*** Data for processing Section Begins ***
lemma ex_extend_ex_hom_iso:
  assumes g: "ex_hom H exH K exK g" and x: "x \<in> ip_car H I"
  shows "ip_iso K I (ex_extend g I x) (g I x)"
proof -
  have g_hom: "ihom H K g"
    using g by (simp add: ex_hom_def)
  obtain J u a where c: "H.cover I x = (J, u, a)" and u: "u \<in> J \<rightarrow>\<^sub>E I" and a: "a \<in> A J"
    and iso: "ip_iso H I x (exH u J I a)"
    using H.cover_spec[OF x] .
  note carriers = H.closed K.closed H.basis_closed ihom_closed[OF g_hom]
  have "ip_iso K I (exK u J I (g J a)) (g I (exH u J I a))"
    using g u H.basis_closed[OF a] by (rule ip_iso_sym[OF ex_hom_ex])
  also have "ip_iso K I \<dots> (g I x)"
    using g_hom ip_iso_sym[OF iso] u a x by (simp add: ihom_iso carriers)
  finally show ?thesis
    unfolding ex_extend_cover[OF c] using u a x by (simp add: carriers)
qed

theorem ex_completion: "ex_completion_wrt H exH A K exK"
proof -
  have A_car: "\<And>I. A I \<subseteq> ip_car H I"
    using H.basis_closed by blast
  have restrict: "ihom (H\<lparr>ip_car := A\<rparr>) K g" if "ex_hom H exH K exK g" for g
    using that A_car by (simp add: ex_hom_def ihom_restrict)
  have unit: "hom_le H K (ex_extend g) g \<and> hom_le H K g (ex_extend g)"
    if "ex_hom H exH K exK g" for g
    using ex_extend_ex_hom_iso[OF that] by (simp add: hom_le_def ip_iso_def)
  have counit: "hom_le (H\<lparr>ip_car := A\<rparr>) K (ex_extend f) f \<and> hom_le (H\<lparr>ip_car := A\<rparr>) K f (ex_extend f)"
    if "ihom (H\<lparr>ip_car := A\<rparr>) K f" for f
    using ex_extend_restrict_iso[OF that] by (simp add: hom_le_def ip_iso_def)
  show ?thesis
    unfolding ex_completion_wrt_def preorder_equiv_def
    using restrict hom_le_restrict[OF _ A_car] ex_hom_ex_extend hom_le_ex_extend unit counit
    by (intro conjI exI[of _ ex_extend]) auto
qed

end

theorem proposition4p3:
  fixes H :: "('u, 'p) ipre"
    and exH :: "('u \<Rightarrow> 'u) \<Rightarrow> 'u set \<Rightarrow> 'u set \<Rightarrow> 'p \<Rightarrow> 'p"
  assumes "infinite (UNIV :: 'u set)"
    and "indexed_preorder H"
    and "has_exists H exH"
  shows "(\<forall>A. sub_preorder H A \<and> (\<forall>I. A I \<subseteq> prim H exH I) \<and>
              (\<forall>I. \<forall>x\<in>ip_car H I. \<exists>J u p. u \<in> J \<rightarrow>\<^sub>E I \<and> p \<in> A J \<and> ip_iso H I x (exH u J I p))
           \<longrightarrow> (\<forall>(K :: ('u, 'q) ipre) exK. indexed_preorder K \<and> has_exists K exK
                   \<longrightarrow> ex_completion_wrt H exH A K exK) \<and>
               (\<forall>I. \<forall>p\<in>prim H exH I. \<exists>a\<in>A I. ip_iso H I p a)) \<and>
         (enough_primes H exH \<longrightarrow>
            (\<forall>(K :: ('u, 'q) ipre) exK. indexed_preorder K \<and> has_exists K exK
                   \<longrightarrow> ex_completion_wrt H exH (prim H exH) K exK))"
proof -
  interpret H: exists_ipre H exH
    using assms(2,3) by unfold_locales
  have basis: "(\<forall>(K :: ('u, 'q) ipre) exK. indexed_preorder K \<and> has_exists K exK
                   \<longrightarrow> ex_completion_wrt H exH A K exK) \<and>
               (\<forall>I. \<forall>p\<in>prim H exH I. \<exists>a\<in>A I. ip_iso H I p a)"
    if "sub_preorder H A" "\<forall>I. A I \<subseteq> prim H exH I"
      "\<forall>I. \<forall>x\<in>ip_car H I. \<exists>J u p. u \<in> J \<rightarrow>\<^sub>E I \<and> p \<in> A J \<and> ip_iso H I x (exH u J I p)" for A
  proof -
    interpret prime_basis H exH A
      using that by unfold_locales auto
    have "ex_completion_wrt H exH A K exK"
      if "indexed_preorder K" "has_exists K exK" for K :: "('u, 'q) ipre" and exK
    proof -
      interpret prime_basis_extension H exH A K exK
        using that assms(1) by unfold_locales
      show ?thesis
        by (rule ex_completion)
    qed
    then show ?thesis
      using prim_iso_basis by blast
  qed
  have "(\<forall>(K :: ('u, 'q) ipre) exK. indexed_preorder K \<and> has_exists K exK
            \<longrightarrow> ex_completion_wrt H exH (prim H exH) K exK)"
    if "enough_primes H exH"
    using basis[OF H.sub_preorder_prim] that by (simp add: enough_primes_def prim_def)
  with basis show ?thesis
    by blast
qed

end
lemma lam_eq_inner_simplex_normal:
  assumes "r1 \<ge> 1" and idx: "bij_betw idx {1..x1+r1-1} UNIV" and "k \<in> {1..x1+r1}"
  shows "lam x1 r1 (\<lambda>j. t $ idx j) k
    = simplex_normal (qvector x1 r1 idx) (facet_index (x1+r1-1) idx k) \<bullet> t"
proof -
  define d where "d = x1 + r1 - 1"
  define q where "q = qvector x1 r1 idx"
  have sum_idx: "(\<Sum>j\<in>{1..d}. g (idx j)) = (\<Sum>i\<in>UNIV. g i)" for g :: "'a \<Rightarrow> real"
    using sum.reindex_bij_betw[OF idx] by (simp add: d_def)
  show ?thesis
  proof (cases "k = d + 1")
    case True
    have "lam x1 r1 (\<lambda>j. t $ idx j) k = (\<Sum>j\<in>{1..d}. t $ idx j)"
      using lam_last[OF \<open>r1 \<ge> 1\<close>] True \<open>r1 \<ge> 1\<close> by (simp add: d_def)
    also have "\<dots> = simplex_normal q (facet_index d idx k) \<bullet> t"
      using sum_idx[of "\<lambda>i. t $ i"] True by (simp add: facet_index_def inner_simplex_normal_None)
    finally show ?thesis
      by (simp add: d_def q_def)
  next
    case False
    with assms(3) have k: "k \<in> {1..d}"
      using \<open>r1 \<ge> 1\<close> by (auto simp: d_def)
    have q_idx: "q $ idx j = qvec x1 r1 j" if "j \<in> {1..d}" for j
      using qvector_idx[OF idx] that by (simp add: q_def d_def)
    have "(\<Sum>j\<in>{1..d}. qvec x1 r1 j) = (\<Sum>i\<in>UNIV. q $ i)"
      using q_idx by (simp add: sum_idx[symmetric])
    moreover have "lam x1 r1 (\<lambda>j. t $ idx j) k
        = (\<Sum>j\<in>{1..d}. t $ idx j) - (1 + (\<Sum>j\<in>{1..d}. qvec x1 r1 j)) / qvec x1 r1 k * t $ idx k"
      using lam_eq_facet_form[OF \<open>r1 \<ge> 1\<close> k[unfolded d_def], where t = "\<lambda>j. t $ idx j", folded d_def] .
    ultimately have "lam x1 r1 (\<lambda>j. t $ idx j) k
        = (\<Sum>i\<in>UNIV. t $ i) - (1 + (\<Sum>i\<in>UNIV. q $ i)) / q $ idx k * t $ idx k"
      using sum_idx[of "\<lambda>i. t $ i"] q_idx[OF k] by simp
    also have "\<dots> = simplex_normal q (facet_index d idx k) \<bullet> t"
      using False by (simp add: facet_index_def inner_simplex_normal_Some facet_coeff_def)
    finally show ?thesis
      by (simp add: d_def q_def)
  qed
qed

theorem proposition2p1:
  fixes r1 x1 :: nat and idx :: "nat \<Rightarrow> 'n::finite"
  assumes "r1 \<ge> 2" and "x1 \<ge> 1"
    and "bij_betw idx {1..x1 + r1 - 1} (UNIV :: 'n set)"
  defines "d \<equiv> x1 + r1 - 1"
  defines "Delta \<equiv> convex hull ((\<lambda>i. axis (idx i) (1::real)) ` {1..d}
                     \<union> {- (\<chi> j. qvec x1 r1 (inv_into {1..d} idx j))})"
  defines "H \<equiv> (\<lambda>K. {t :: real^'n. \<forall>k\<in>K. lam x1 r1 (\<lambda>j. t $ idx j) k \<le> 1})"
  shows "Delta = H {1..d+1} \<and> (\<forall>k\<in>{1..d+1}. H ({1..d+1} - {k}) \<noteq> Delta)"
proof -
  have "r1 \<ge> 1" and idx: "bij_betw idx {1..d} UNIV"
    using assms(1,3) by (auto simp: d_def)
  have "(\<lambda>i. axis (idx i) 1) ` {1..d} = range (\<lambda>i. axis i (1::real))"
    using bij_betw_imp_surj_on[OF idx] image_image[of "\<lambda>i. axis i (1::real)" idx "{1..d}"] by simp
  then have "Delta = convex hull (range (\<lambda>i. axis i 1) \<union> {- qvector x1 r1 idx})"
    by (simp only: Delta_def qvector_def d_def)
  also have "\<dots> = {t. \<forall>f. simplex_normal (qvector x1 r1 idx) f \<bullet> t \<le> 1}"
    using convex_hull_simplex_eq_halfspaces qvector_pos[OF \<open>r1 \<ge> 1\<close>] by blast
  finally have Delta: "Delta = {t. \<forall>f. simplex_normal (qvector x1 r1 idx) f \<bullet> t \<le> 1}" .
  show ?thesis
    unfolding H_def
  proof (rule irredundant_description_reindex[OF bij_betw_facet_index[OF idx] _ Delta])
    show "lam x1 r1 (\<lambda>j. t $ idx j) k = simplex_normal (qvector x1 r1 idx) (facet_index d idx k) \<bullet> t"
      if "k \<in> {1..d+1}" for k t
      using lam_eq_inner_simplex_normal[OF \<open>r1 \<ge> 1\<close> assms(3)] that \<open>r1 \<ge> 1\<close> by (simp add: d_def)
    show "\<exists>t. (\<forall>g. g \<noteq> f \<longrightarrow> simplex_normal (qvector x1 r1 idx) g \<bullet> t \<le> 1)
             \<and> 1 < simplex_normal (qvector x1 r1 idx) f \<bullet> t" for f
      using simplex_normal_irredundant qvector_pos[OF \<open>r1 \<ge> 1\<close>] by blast
  qed
qed

end
(* If $t\in[0,1/2]$, then $w(t,a)/W(t,a)\le \frac{68-5\sqrt{10}}{72}$ for all $a\in[(3t+2)/4,2]$.
   Context: For $(t,a)\in\mathbb R^2$ define $w_1(t,a)=(2t+3)a-(3t^2/4+t)$, $w_2(t,a)=(4t+4)a-(3t^2/2+2t+2)$, $w_3(t,a)=8ta-(3t^2+4t-4)$, $W(t,a)=[(t+2)a-(t^2/2+t)](t+2)$, and $w(t,a)=\min\{w_1(t,a),w_2(t,a),w_3(t,a)\}$. *)

theory Defs
  imports Complex_Main
begin

definition w1 :: "real \<Rightarrow> real \<Rightarrow> real" where
  "w1 t a = (2*t + 3) * a - (3*t^2/4 + t)"

definition w2 :: "real \<Rightarrow> real \<Rightarrow> real" where
  "w2 t a = (4*t + 4) * a - (3*t^2/2 + 2*t + 2)"

definition w3 :: "real \<Rightarrow> real \<Rightarrow> real" where
  "w3 t a = 8*t*a - (3*t^2 + 4*t - 4)"

definition W :: "real \<Rightarrow> real \<Rightarrow> real" where
  "W t a = ((t + 2) * a - (t^2/2 + t)) * (t + 2)"

definition w :: "real \<Rightarrow> real \<Rightarrow> real" where
  "w t a = min (w1 t a) (min (w2 t a) (w3 t a))"

end

theory Submission
  imports Defs
begin

(* Let c = (68 - 5 sqrt 10)/72.  For fixed t every excess w_i t a - c W t a is affine in a.
   At a = 5/3 the differences w1 - w2 and w2 - w3 are (9t^2 - 28t + 4)/12 and /6, so the three
   lines meet there exactly when t is the root t_crit = (14 - 4 sqrt 10)/9, and c is the value
   of w/W at that point.  For t <= t_crit the increasing piece w2 and the decreasing piece w3
   suffice, for t >= t_crit the pieces w1 and w2: the combination of the two excesses, weighted
   by the opposite slopes, does not depend on a, and it is a polynomial in t vanishing at t_crit
   whose cofactor has constant sign on the relevant range. *)

definition ratio_bound :: real where
  "ratio_bound = (68 - 5 * sqrt 10) / 72"

definition t_crit :: real where
  "t_crit = (14 - 4 * sqrt 10) / 9"

lemma sqrt10_bounds: "3162/1000 < sqrt (10::real)" "sqrt (10::real) < 3163/1000"
  by (rule real_less_rsqrt real_less_lsqrt; simp add: power2_eq_square)+

lemma sqrt10_mult_self: "sqrt 10 * (sqrt 10 * x) = 10 * (x::real)"
  by (simp add: mult.assoc[symmetric])

lemma ratio_bound_bounds: "7247/10000 < ratio_bound" "ratio_bound < 7249/10000"
  using sqrt10_bounds by (auto simp: ratio_bound_def)

lemma t_crit_bounds: "1497/10000 < t_crit" "t_crit < 1503/10000"
  using sqrt10_bounds by (auto simp: t_crit_def)

lemma W_pos:
  assumes "-2 < t" and "(3*t + 2)/4 \<le> a"
  shows "0 < W t a"
proof -
  have "(t + 2) * a - (t^2/2 + t) = (t + 2) * (a - (3*t + 2)/4) + (t + 2)^2/4"
    by (simp add: algebra_simps power2_eq_square)
  also have "\<dots> > 0"
    using assms by (intro add_nonneg_pos mult_nonneg_nonneg) auto
  finally show ?thesis
    using assms(1) by (simp add: W_def)
qed

lemma min_affine_nonpos:
  fixes \<alpha> \<beta> f\<^sub>0 g\<^sub>0 x x\<^sub>0 :: real
  assumes "\<alpha> \<le> 0" and "0 \<le> \<beta>" and "\<alpha> < \<beta>" and "\<beta> * f\<^sub>0 - \<alpha> * g\<^sub>0 \<le> 0"
  shows "min (f\<^sub>0 + \<alpha> * (x - x\<^sub>0)) (g\<^sub>0 + \<beta> * (x - x\<^sub>0)) \<le> 0"
proof (rule ccontr)
  define f g where "f = f\<^sub>0 + \<alpha> * (x - x\<^sub>0)" and "g = g\<^sub>0 + \<beta> * (x - x\<^sub>0)"
  assume "\<not> min f g \<le> 0"
  then have "0 < f" "0 < g" by auto
  have "0 < \<beta> * f + (- \<alpha>) * g"
  proof (cases "0 < \<beta>")
    case True
    have "0 < \<beta> * f" and "0 \<le> - \<alpha> * g"
      using True \<open>0 < f\<close> \<open>0 < g\<close> assms(1) by (simp_all add: mult_nonpos_nonneg)
    then show ?thesis
      by simp
  next
    case False
    then have "0 < - \<alpha>"
      using assms(2,3) by simp
    then have "0 \<le> \<beta> * f" and "0 < - \<alpha> * g"
      using \<open>0 < f\<close> \<open>0 < g\<close> assms(2) by (simp_all add: mult_neg_pos)
    then show ?thesis
      by simp
  qed
  also have "\<beta> * f + (- \<alpha>) * g = \<beta> * f\<^sub>0 - \<alpha> * g\<^sub>0"
    by (simp add: f_def g_def algebra_simps)
  finally show False
    using assms(4) by simp
qed

lemma w_excess_affine:
  fixes c t a x :: real
  shows "w1 t a - c * W t a = (w1 t x - c * W t x) + (2*t + 3 - c * (t + 2)^2) * (a - x)"
    and "w2 t a - c * W t a = (w2 t x - c * W t x) + (4*t + 4 - c * (t + 2)^2) * (a - x)"
    and "w3 t a - c * W t a = (w3 t x - c * W t x) + (8*t - c * (t + 2)^2) * (a - x)"
  by (simp_all add: w1_def w2_def w3_def W_def algebra_simps power2_eq_square)

lemma ratio_bound_mult_square_ge:
  "4 * (ratio_bound * t) + 4 * ratio_bound \<le> ratio_bound * (t + 2)^2"
proof -
  have "ratio_bound * (4*t + 4) \<le> ratio_bound * (t + 2)^2"
    using ratio_bound_bounds by (intro mult_left_mono) (auto simp: power2_eq_square algebra_simps)
  then show ?thesis
    by (simp add: algebra_simps)
qed

lemma w1_slope_nonpos:
  assumes "1/8 \<le> t"
  shows "2*t + 3 - ratio_bound * (t + 2)^2 \<le> 0"
proof -
  have "(7247/10000) * t \<le> ratio_bound * t"
    using ratio_bound_bounds assms by (intro mult_right_mono) auto
  then show ?thesis
    using ratio_bound_mult_square_ge[of t] ratio_bound_bounds assms by linarith
qed

lemma w2_slope_pos:
  assumes "0 \<le> t" and "t \<le> 1/2"
  shows "0 < 4*t + 4 - ratio_bound * (t + 2)^2"
proof -
  have "t^2 \<le> t/2"
    using assms mult_left_mono[of t "1/2" t] by (simp add: power2_eq_square)
  then have "ratio_bound * (t + 2)^2 \<le> ratio_bound * (9/2 * t + 4)"
    using ratio_bound_bounds by (intro mult_left_mono) (auto simp: power2_eq_square algebra_simps)
  moreover have "ratio_bound * t \<le> (7249/10000) * t"
    using ratio_bound_bounds assms by (intro mult_right_mono) auto
  ultimately show ?thesis
    using ratio_bound_bounds assms by (simp add: algebra_simps)
qed

lemma w3_slope_neg:
  assumes "0 \<le> t" and "t \<le> 1/2"
  shows "8*t - ratio_bound * (t + 2)^2 < 0"
proof -
  have "(7247/10000) * t \<le> ratio_bound * t"
    using ratio_bound_bounds assms by (intro mult_right_mono) auto
  then show ?thesis
    using ratio_bound_mult_square_ge[of t] ratio_bound_bounds assms by linarith
qed

lemma t_crit_quadratic_nonneg:
  assumes "t \<le> t_crit"
  shows "0 \<le> 9*t^2 - 28*t + 4"
proof -
  have "9*t^2 - 28*t + 4 = 9 * (t - t_crit) * (t - (14 + 4 * sqrt 10)/9)"
    by (simp add: t_crit_def field_simps power2_eq_square sqrt10_mult_self)
  moreover have "t - (14 + 4 * sqrt 10)/9 \<le> 0"
    using assms t_crit_bounds by (simp add: t_crit_def)
  ultimately show ?thesis
    using assms by (simp add: mult_nonpos_nonpos)
qed

lemma w2_excess_at_5_3_nonpos:
  assumes "0 \<le> t" and "t \<le> t_crit"
  shows "w2 t (5/3) - ratio_bound * W t (5/3) \<le> 0"
proof -
  define Q where "Q = (58/9 + sqrt 10/18) - (16/9 + 31 * sqrt 10/18) * t + (17/6 - 5 * sqrt 10/24) * t^2"
  have "6 * (w2 t (5/3) - ratio_bound * W t (5/3)) = (t - t_crit) * Q"
    by (simp add: Q_def w2_def W_def ratio_bound_def t_crit_def field_simps power2_eq_square
        sqrt10_mult_self)
  moreover have "0 < Q"
  proof -
    have "(16/9 + 31 * sqrt 10/18) * t \<le> 8 * t"
      using sqrt10_bounds assms(1) by (intro mult_right_mono) auto
    moreover have "0 \<le> (17/6 - 5 * sqrt 10/24) * t^2"
      using sqrt10_bounds by simp
    ultimately show ?thesis
      using sqrt10_bounds t_crit_bounds assms unfolding Q_def by linarith
  qed
  ultimately have "6 * (w2 t (5/3) - ratio_bound * W t (5/3)) \<le> 0"
    using assms(2) by (simp add: mult_nonpos_nonneg)
  then show ?thesis
    by simp
qed

lemma w2_w3_crossing_nonpos:
  assumes "0 \<le> t" and "t \<le> t_crit"
  shows "(4*t + 4 - ratio_bound * (t + 2)^2) * (w3 t (5/3) - ratio_bound * W t (5/3))
       - (8*t - ratio_bound * (t + 2)^2) * (w2 t (5/3) - ratio_bound * W t (5/3)) \<le> 0"
proof -
  have "(4*t + 4 - ratio_bound * (t + 2)^2) * (w3 t (5/3) - ratio_bound * W t (5/3))
       - (8*t - ratio_bound * (t + 2)^2) * (w2 t (5/3) - ratio_bound * W t (5/3))
     = (4 - 4*t) * (w2 t (5/3) - ratio_bound * W t (5/3))
       - (4*t + 4 - ratio_bound * (t + 2)^2) * (9*t^2 - 28*t + 4) / 6"
    unfolding w2_def w3_def by (simp add: field_simps power2_eq_square)
  also have "\<dots> \<le> 0"
  proof -
    have "(4 - 4*t) * (w2 t (5/3) - ratio_bound * W t (5/3)) \<le> 0"
      using assms t_crit_bounds w2_excess_at_5_3_nonpos[OF assms] by (intro mult_nonneg_nonpos) auto
    moreover have "0 \<le> (4*t + 4 - ratio_bound * (t + 2)^2) * (9*t^2 - 28*t + 4) / 6"
      using assms t_crit_bounds w2_slope_pos[of t] t_crit_quadratic_nonneg[OF assms(2)] by simp
    ultimately show ?thesis
      by linarith
  qed
  finally show ?thesis .
qed

lemma w1_w2_crossing_nonpos:
  assumes "t_crit \<le> t" and "t \<le> 1/2"
  shows "(4*t + 4 - ratio_bound * (t + 2)^2) * (w1 t (5/3) - ratio_bound * W t (5/3))
       - (2*t + 3 - ratio_bound * (t + 2)^2) * (w2 t (5/3) - ratio_bound * W t (5/3)) \<le> 0"
proof -
  define P where "P = (-1/9 - 7 * sqrt 10/18) + (5/6 - 11 * sqrt 10/24) * t
    + (11/12 - sqrt 10/6) * t^2 + (17/72 - 5 * sqrt 10/288) * t^3"
  have "(4*t + 4 - ratio_bound * (t + 2)^2) * (w1 t (5/3) - ratio_bound * W t (5/3))
       - (2*t + 3 - ratio_bound * (t + 2)^2) * (w2 t (5/3) - ratio_bound * W t (5/3))
     = (t - t_crit) * P"
    by (simp add: P_def w1_def w2_def W_def ratio_bound_def t_crit_def field_simps
        power2_eq_square power3_eq_cube sqrt10_mult_self)
  moreover have "P < 0"
  proof -
    have t: "0 \<le> t" using assms t_crit_bounds by simp
    have t2: "t^2 \<le> 1/4"
      using power_mono[OF assms(2) t, of 2] by (simp add: power2_eq_square)
    have t3: "t^3 \<le> 1/8"
      using power_mono[OF assms(2) t, of 3] by (simp add: power3_eq_cube)
    have "(5/6 - 11 * sqrt 10/24) * t \<le> 0"
      using sqrt10_bounds t by (intro mult_nonpos_nonneg) auto
    moreover have "(11/12 - sqrt 10/6) * t^2 \<le> (11/12 - sqrt 10/6) * (1/4)"
      using sqrt10_bounds t2 by (intro mult_left_mono) auto
    moreover have "(17/72 - 5 * sqrt 10/288) * t^3 \<le> (17/72 - 5 * sqrt 10/288) * (1/8)"
      using sqrt10_bounds t3 by (intro mult_left_mono) auto
    ultimately show ?thesis
      using sqrt10_bounds unfolding P_def by (simp add: algebra_simps)
  qed
  ultimately show ?thesis
    using assms(1) by (simp add: mult_nonneg_nonpos)
qed

theorem lemmaA8:
  fixes t a :: real
  assumes "0 \<le> t" and "t \<le> 1/2"
    and "(3*t + 2)/4 \<le> a" and "a \<le> 2"
  shows "w t a / W t a \<le> (68 - 5 * sqrt 10) / 72"
proof -
  have "w t a \<le> ratio_bound * W t a"
  proof (cases "t \<le> t_crit")
    case True
    have "min (w3 t a - ratio_bound * W t a) (w2 t a - ratio_bound * W t a) \<le> 0"
      unfolding w_excess_affine(2,3)[where c = ratio_bound and t = t and a = a and x = "5/3"]
      using w3_slope_neg[OF assms(1,2)] w2_slope_pos[OF assms(1,2)]
        w2_w3_crossing_nonpos[OF assms(1) True]
      by (intro min_affine_nonpos) auto
    then show ?thesis by (auto simp: w_def)
  next
    case False
    have "min (w1 t a - ratio_bound * W t a) (w2 t a - ratio_bound * W t a) \<le> 0"
      unfolding w_excess_affine(1,2)[where c = ratio_bound and t = t and a = a and x = "5/3"]
      using False t_crit_bounds w1_slope_nonpos[of t] w2_slope_pos[OF assms(1,2)]
        w1_w2_crossing_nonpos[of t] assms(2)
      by (intro min_affine_nonpos) auto
    then show ?thesis by (auto simp: w_def)
  qed
  moreover have "0 < W t a"
    using assms by (intro W_pos) auto
  ultimately show ?thesis
    by (simp add: ratio_bound_def pos_divide_le_eq mult.commute)
qed

end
*** Data for processing Section Ends ***
§ **Description of the task**
Among the entries above, identify all lines with "linarith" and copy them.

§ **Written reply**
    using ratio_bound_mult_square_ge[of t] ratio_bound_bounds assms by linarith
    using ratio_bound_mult_square_ge[of t] ratio_bound_bounds assms by linarith
      using sqrt10_bounds t_crit_bounds assms unfolding Q_def by linarith
      by linarith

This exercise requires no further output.